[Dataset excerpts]
┌────────

(* Let $X$ be a non-empty set, $\overline X=X\cup X'$ and $\widetilde X=\overline X\cup\{(x\wedge y):x,y\in\overline X\}$. Make the free semigroup $\widetilde X^+$ into a binary semigroup by $(u\wedge v)=(\iota u\wedge v\tau)$ for $u,v\in\widetilde X^+$. Then the relation $\widetilde\Theta(\mathcal{CS},X)=\{(u,v)\in\widetilde X^+\times\widetilde X^+:\overline{u}=\overline{v}\}$ (where $\overline{w}$ denotes the reduced form of $w$) is a congruence on the binary semigroup $\widetilde X^+$, and the factor $\widetilde X^+/\widetilde\Theta(\mathcal{CS},X)$ together with the matched mapping $\xi\colon\overline X\to \widetilde X^+/\widetilde\Theta(\mathcal{CS},X)$, $y\mapsto y\widetilde\Theta(\mathcal{CS},X)$, is a bifree object in the class $\mathcal{CS}$ of completely simple semigroups on $X$.
   Context: $X'=\{x':x\in X\}$ is a set disjoint from $X$ in bijection with $X$ via $x\mapsto x'$; extend $'$ to $\overline X$ by $(x')'=x$. The free binary semigroup $F_2(\overline X)$ is the smallest set $W$ of nonempty words over $\overline X\cup\{(,\wedge,)\}$ containing $\overline X$ and closed under concatenation $uv$ and under $(u,v)\mapsto(u\wedge v)$, with these two operations. Elements $(x\wedge y)$, $x,y\in\overline X$, are called $\wedge$-letters; $\widetilde X^+$ is the free semigroup on $\widetilde X$, viewed as a subset of $F_2(\overline X)$. For a term $w$, $\iota w$ [$w\tau$] is the first [last] element of $\overline X$ occurring in $w$. Reductions ($u,v$ terms, $x,y,z\in\overline X$): (R0) $(u\wedge v)\rightsquigarrow(\iota u\wedge v\tau)$; (R1) $x(y\wedge x)\rightsquigarrow x$; (R2) $(x\wedge y)x\rightsquigarrow x$; (R3) $(x\wedge y)(x\wedge z)\rightsquigarrow(x\wedge z)$; (R4) $(z\wedge x)(y\wedge x)\rightsquigarrow(z\wedge x)$; (R5) $x'x\rightsquigarrow(x'\wedge x)$, applied to segments of a term. It is known (Auinger) that every term has a unique reduced form (one to which no reduction applies) obtainable by repeated reductions; denote it $\overline w$. For a regular semigroup $S$, a map $\nu\colon\overline X\to S$ is matched if $x'\nu$ is an inverse of $x\nu$ for all $x\in X$. A bifree object in a class $\mathcal K$ of regular semigroups on $X$ is $B\in\mathcal K$ with a matched map $\xi\colon\overline X\to B$ such that for every $S\in\mathcal K$ and matched $\nu\colon\overline X\to S$ there is a unique homomorphism $\phi\colon B\to S$ with $\xi\phi=\nu$. *)

theory Defs
  imports "HOL-Algebra.Group"
begin

text \<open>A semigroup is given by a monoid record of HOL-Algebra; its one field is ignored.\<close>

definition semigrp :: "('b, 'c) monoid_scheme \<Rightarrow> bool" where
  "semigrp S \<longleftrightarrow>
     (\<forall>x \<in> carrier S. \<forall>y \<in> carrier S. x \<otimes>\<^bsub>S\<^esub> y \<in> carrier S) \<and>
     (\<forall>x \<in> carrier S. \<forall>y \<in> carrier S. \<forall>z \<in> carrier S.
        (x \<otimes>\<^bsub>S\<^esub> y) \<otimes>\<^bsub>S\<^esub> z = x \<otimes>\<^bsub>S\<^esub> (y \<otimes>\<^bsub>S\<^esub> z))"

definition sg_ideal :: "('b, 'c) monoid_scheme \<Rightarrow> 'b set \<Rightarrow> bool" where
  "sg_ideal S I \<longleftrightarrow> I \<subseteq> carrier S \<and> I \<noteq> {} \<and>
     (\<forall>s \<in> carrier S. \<forall>i \<in> I. s \<otimes>\<^bsub>S\<^esub> i \<in> I \<and> i \<otimes>\<^bsub>S\<^esub> s \<in> I)"

definition sg_simple :: "('b, 'c) monoid_scheme \<Rightarrow> bool" where
  "sg_simple S \<longleftrightarrow> (\<forall>I. sg_ideal S I \<longrightarrow> I = carrier S)"

definition sg_idempotent :: "('b, 'c) monoid_scheme \<Rightarrow> 'b \<Rightarrow> bool" where
  "sg_idempotent S e \<longleftrightarrow> e \<in> carrier S \<and> e \<otimes>\<^bsub>S\<^esub> e = e"

text \<open>Primitive idempotent: minimal among idempotents w.r.t. the natural order
  (f \<le> e iff f = ef = fe).\<close>
definition sg_primitive :: "('b, 'c) monoid_scheme \<Rightarrow> 'b \<Rightarrow> bool" where
  "sg_primitive S e \<longleftrightarrow> sg_idempotent S e \<and>
     (\<forall>f. sg_idempotent S f \<and> f = e \<otimes>\<^bsub>S\<^esub> f \<and> f = f \<otimes>\<^bsub>S\<^esub> e \<longrightarrow> f = e)"

definition completely_simple :: "('b, 'c) monoid_scheme \<Rightarrow> bool" where
  "completely_simple S \<longleftrightarrow> semigrp S \<and> carrier S \<noteq> {} \<and> sg_simple S \<and>
     (\<exists>e. sg_primitive S e)"

definition sg_inverse :: "('b, 'c) monoid_scheme \<Rightarrow> 'b \<Rightarrow> 'b \<Rightarrow> bool" where
  "sg_inverse S a b \<longleftrightarrow> a \<in> carrier S \<and> b \<in> carrier S \<and>
     a \<otimes>\<^bsub>S\<^esub> b \<otimes>\<^bsub>S\<^esub> a = a \<and> b \<otimes>\<^bsub>S\<^esub> a \<otimes>\<^bsub>S\<^esub> b = b"

text \<open>Elements of X-bar = X \<union> X': Pos x stands for x, Neg x for x'. The set X is the
  (arbitrary, automatically non-empty) type 'a.\<close>
datatype 'a lit = Pos 'a | Neg 'a

fun lprime :: "'a lit \<Rightarrow> 'a lit" where
  "lprime (Pos x) = Neg x"
| "lprime (Neg x) = Pos x"

text \<open>Matched map X-bar \<rightarrow> S: x' \<nu> is an inverse of x \<nu> for every x in X
  (values in the carrier are implied).\<close>
definition matched :: "('b, 'c) monoid_scheme \<Rightarrow> ('a lit \<Rightarrow> 'b) \<Rightarrow> bool" where
  "matched S \<nu> \<longleftrightarrow> (\<forall>x. sg_inverse S (\<nu> (Pos x)) (\<nu> (Neg x)))"

text \<open>Letters of X-tilde: Lt x is x \<in> X-bar, Wg x y is the wedge letter (x \<and> y).\<close>
datatype 'a tlet = Lt "'a lit" | Wg "'a lit" "'a lit"

fun first_lit :: "'a tlet \<Rightarrow> 'a lit" where
  "first_lit (Lt x) = x"
| "first_lit (Wg x y) = x"

fun last_lit :: "'a tlet \<Rightarrow> 'a lit" where
  "last_lit (Lt x) = x"
| "last_lit (Wg x y) = y"

text \<open>Words of X-tilde^+ are non-empty lists of letters.\<close>
definition iota :: "'a tlet list \<Rightarrow> 'a lit" where
  "iota w = first_lit (hd w)"

definition tau :: "'a tlet list \<Rightarrow> 'a lit" where
  "tau w = last_lit (last w)"

definition wedge :: "'a tlet list \<Rightarrow> 'a tlet list \<Rightarrow> 'a tlet list" where
  "wedge u v = [Wg (iota u) (tau v)]"

text \<open>One-step reductions (R1)--(R5) applied to segments. On words of X-tilde^+
  (R0) never applies, and the reductions keep us inside X-tilde^+.\<close>
inductive_set red1 :: "('a tlet list \<times> 'a tlet list) set" where
  R1: "(u @ [Lt x, Wg y x] @ v, u @ [Lt x] @ v) \<in> red1"
| R2: "(u @ [Wg x y, Lt x] @ v, u @ [Lt x] @ v) \<in> red1"
| R3: "(u @ [Wg x y, Wg x z] @ v, u @ [Wg x z] @ v) \<in> red1"
| R4: "(u @ [Wg z x, Wg y x] @ v, u @ [Wg z x] @ v) \<in> red1"
| R5: "(u @ [Lt (lprime x), Lt x] @ v, u @ [Wg (lprime x) x] @ v) \<in> red1"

└────────

[ASSIGNMENT]: Work out how many lines of the records contain the string "lprime". Nothing but the number should be written.

[THE COMPLETED TASK]: 4